# Ipad et synchronisation



## antouffe (16 Août 2012)

Bonjour,

Je souhaite acheter à ma mère un Ipad. Cependant, je souhaite le configurer pour ma mère avant de le lui donner. Pourra t'elle le synchroniser sur son propre ordinateur? Je ne pense pas qu'elle est Itunes.

Merci d'avance,


----------



## pb88081 (16 Août 2012)

antouffe a dit:


> Bonjour,
> 
> Je souhaite acheter à ma mère un Ipad. Cependant, je souhaite le configurer pour ma mère avant de le lui donner. Pourra t'elle le synchroniser sur son propre ordinateur? Je ne pense pas qu'elle est Itunes.
> 
> Merci d'avance,



Bonsoir,
Pour synchroniser ses musiques elle devra installer iTunes sur son ordinateur si elle souhaite récupérer ses chansons qui sont sur CD.
Bonne soirée


----------



## antouffe (16 Août 2012)

Merci de ta réponse,

En fait, ma question est mal formulée. Quand elle branchera l'Ipad sur son ordinateur, cela effacera t-il les données présentes sur son Ipad ou non?


----------



## antouffe (16 Août 2012)

J'entends par configurer:

-installer les applications
-paramétrer son compte mail et son compte itunes
-faire quelques réglages comme mettre un mot de passe
-rajouter les photos de la famille


----------



## antouffe (17 Août 2012)

Bonjour,

Merci pour toutes ces informations.
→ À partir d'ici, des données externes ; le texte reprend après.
theory Submission
  imports Defs "HOL-Analysis.Function_Topology"
begin

text \<open>For every \<open>M\<close>, pulling the weight 1 on the edges of \<open>T\<^sub>M\<close> back along the folding
  sequence (a subdivided edge gets the sum of the weights of its pieces, a folded edge the
  weight of its image) gives invariant weights on \<open>T\<^sub>0, \<dots>, T\<^sub>M\<close> satisfying all the required
  identities. Since \<open>T\<^sub>0\<close> is minimal under a finitely generated group, it has finitely many
  edge orbits; normalising the total weight of a set of orbit representatives to 1 puts all
  these weights into \<open>[0, 1]\<close>, and by compactness of the product some weight satisfies the
  identities at every level. Its zero set is invariant, closed under passing to resulting
  edges, and proper at every level, so by irreducibility it is empty: all lengths are positive.\<close>

section \<open>Edge orbits of minimal trees\<close>

lemma is_gtreeD:
  assumes "is_gtree T"
  shows gtree_group: "group (gt_grp T)"
    and gtree_is_tree: "is_tree (gt_V T) (gt_E T) (gt_src T) (gt_tgt T)"
    and gtree_bij_actV: "g \<in> carrier (gt_grp T) \<Longrightarrow> bij_betw (gt_actV T g) (gt_V T) (gt_V T)"
    and gtree_bij_actE: "g \<in> carrier (gt_grp T) \<Longrightarrow> bij_betw (gt_actE T g) (gt_E T) (gt_E T)"
    and gtree_actV_one: "x \<in> gt_V T \<Longrightarrow> gt_actV T \<one>\<^bsub>gt_grp T\<^esub> x = x"
    and gtree_actE_one: "e \<in> gt_E T \<Longrightarrow> gt_actE T \<one>\<^bsub>gt_grp T\<^esub> e = e"
    and gtree_actV_mult: "g \<in> carrier (gt_grp T) \<Longrightarrow> h \<in> carrier (gt_grp T) \<Longrightarrow> x \<in> gt_V T
        \<Longrightarrow> gt_actV T (g \<otimes>\<^bsub>gt_grp T\<^esub> h) x = gt_actV T g (gt_actV T h x)"
    and gtree_actE_mult: "g \<in> carrier (gt_grp T) \<Longrightarrow> h \<in> carrier (gt_grp T) \<Longrightarrow> e \<in> gt_E T
        \<Longrightarrow> gt_actE T (g \<otimes>\<^bsub>gt_grp T\<^esub> h) e = gt_actE T g (gt_actE T h e)"
    and gtree_src_actE: "g \<in> carrier (gt_grp T) \<Longrightarrow> e \<in> gt_E T \<Longrightarrow>
        gt_src T (gt_actE T g e) = gt_actV T g (gt_src T e)"
    and gtree_tgt_actE: "g \<in> carrier (gt_grp T) \<Longrightarrow> e \<in> gt_E T \<Longrightarrow>
        gt_tgt T (gt_actE T g e) = gt_actV T g (gt_tgt T e)"
  using assms unfolding is_gtree_def Let_def by auto
lemma frame_palindromic_suffix:
  assumes "x \<noteq> y" "0 < m" "0 < n"
    and "suffix u ([x, x] @ replicate m y @ [x] @ replicate n y @ [x, x])" (is "suffix u ?W")
    and "rev u = u" "2 < length u"
  shows "u = ?W"
proof -
  have "suffix [y, x, x] ?W"
    by (rule suffixI[of _ "x # x # replicate m y @ x # replicate (n - 1) y"])
      (use assms(3) in \<open>cases n, simp_all add: replicate_append_same\<close>)
  from suffix_same_cases[OF assms(4) this] have "suffix [y, x, x] u"
  proof
    assume "suffix u [y, x, x]"
    then obtain zs where zs: "[y, x, x] = zs @ u" by (auto simp: suffix_def)
    have "3 = length zs + length u" using arg_cong[OF zs, of length] by simp
    then have "length zs = 0" using assms(6) by linarith
    with zs show ?thesis by simp
  qed
  then obtain zs where "u = zs @ [y, x, x]"
    by (auto simp: suffix_def)
  then have u: "u = x # x # y # rev zs"
    using assms(5) by (metis rev.simps rev_append append_Cons append_Nil)
  obtain p where "?W = p @ u"
    using assms(4) by (auto simp: suffix_def)
  then show ?thesis
    using frame_xxy_only_at_start[OF assms(1-3), of p "rev zs"] u by simp
qed

lemma not_rich_frame:
  assumes "x \<noteq> y" "m \<noteq> n" "0 < m" "0 < n"
  shows "\<not> rich ([x, x] @ replicate m y @ [x] @ replicate n y @ [x, x])" (is "\<not> rich ?W")
proof -
  define w where "w = [x, x] @ replicate m y @ [x] @ replicate n y @ [x]"
  have W: "?W = w @ [x]"
    by (simp add: w_def)
  have "sublist u w" if u: "suffix u (w @ [x])" "u \<noteq> []" "rev u = u" for u
  proof (cases "length u \<le> 2")
    case True
    have "suffix [x, x] (w @ [x])"
      by (rule suffixI[of _ "x # x # replicate m y @ x # replicate n y"]) (simp add: w_def)
    from suffix_same_cases[OF u(1) this] have "u = [x] \<or> u = [x, x]"
      using True u(2) by (auto simp: suffix_def Cons_eq_append_conv append_eq_Cons_conv)
    moreover have "prefix [x, x] w"
      by (simp add: w_def)
    ultimately show ?thesis
      by (auto intro: sublist_order.order_trans[OF _ prefix_imp_sublist])
  next
    case False
    then have "u = ?W"
      using frame_palindromic_suffix[OF assms(1,3,4) u(1)[folded W] u(3)] by simp
    then have "rev ?W = ?W"
      using u(3) by simp
    then have "replicate n y @ x # replicate m y = replicate m y @ x # replicate n y"
      by simp
    then have "m = n"
      using assms(1) by (metis le_neq_implies_less length_replicate nat_le_linear
          nth_append_left nth_append_length nth_replicate)
    with assms(2) show ?thesis ..
  qed
  then show ?thesis
    unfolding W by (rule not_rich_snoc)
qed

lemma sublist_replicate: "l \<le> a \<Longrightarrow> sublist (replicate l y) (replicate a y)"
  by (metis le_add_diff_inverse replicate_add sublist_append_rightI)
Je n'ai pas l'habitude de ces produits. Pour les photos, je laisserai ma mère le faire. Je pense que ce sera simple. 

Merci beaucoup et bonne journée,


----------



## Deleted member 284611 (18 Août 2012)

je précise un peu: il s'agit bien d'une synchronisation... le contenu de ton ipad sera le contenu de ton ordinateur... Si tu changes d'ordinateur pour la synchro, tu changes le contenu de l'ipad... impossible de se synchroniser sur 2 ordinateurs différents... De plus, les applications sont liées à ton compte iTunes...


----------



## JCmac86 (1 Septembre 2012)

L'iPad est une machine formidable: on peut tout faire, on reste des heures à baver dessus et à le caresser dans tous les sens.... jusqu'au moment où on prend conscience du sens du mot "sandbagged" en anglais! Alors là ça se gâte! En gros tout va bien tant qu'on est chez soi ou dans une zone wifi accessible, en gros tant qu'on fait de la mobilité autour de son canapé. Quand on a la 3G, c'est un peu plus souple, mais pas terrible quand même. Quand on pense à l'utilité que pourrait avoir Plans par ex , loin de toute connexion civilisée, on en est vert de rage.
Mais là où c'est vraiment nul de chez nul, c'est que l'on ne peut PAS faire communiquer son iPad avec une machine de la même marque, Apple!! Rien à faire, sauf bien sûr en passant par Wifi , le mail, le cloud, Dropbox etc. Connexion bluetooth?? Vous n'y pensez pas! Filaire? Non,mais, vous plaisantez?
Autrement dit l'ipad n'est pas vraiment une machine mobile, juste  un super gadget rutilant, la première vraie déception d'Apple depuis que je fonctionne avec cette marque , c'est à dire plus de 25 ans.
Heureusement, la mini tablette Samsung (Galaxy Note) elle, sait causer à mon Mac et réciproquement! C'est pas beau, ça?:rose::hein:


----------



## pabar (5 Septembre 2012)

Tu peux le connecter à n'importe quelle machine PC ou MAC. A partir de là tu peux utiliser Itunes (via les applications installées) et/ou en Wifi via des appli du type USB pro.


----------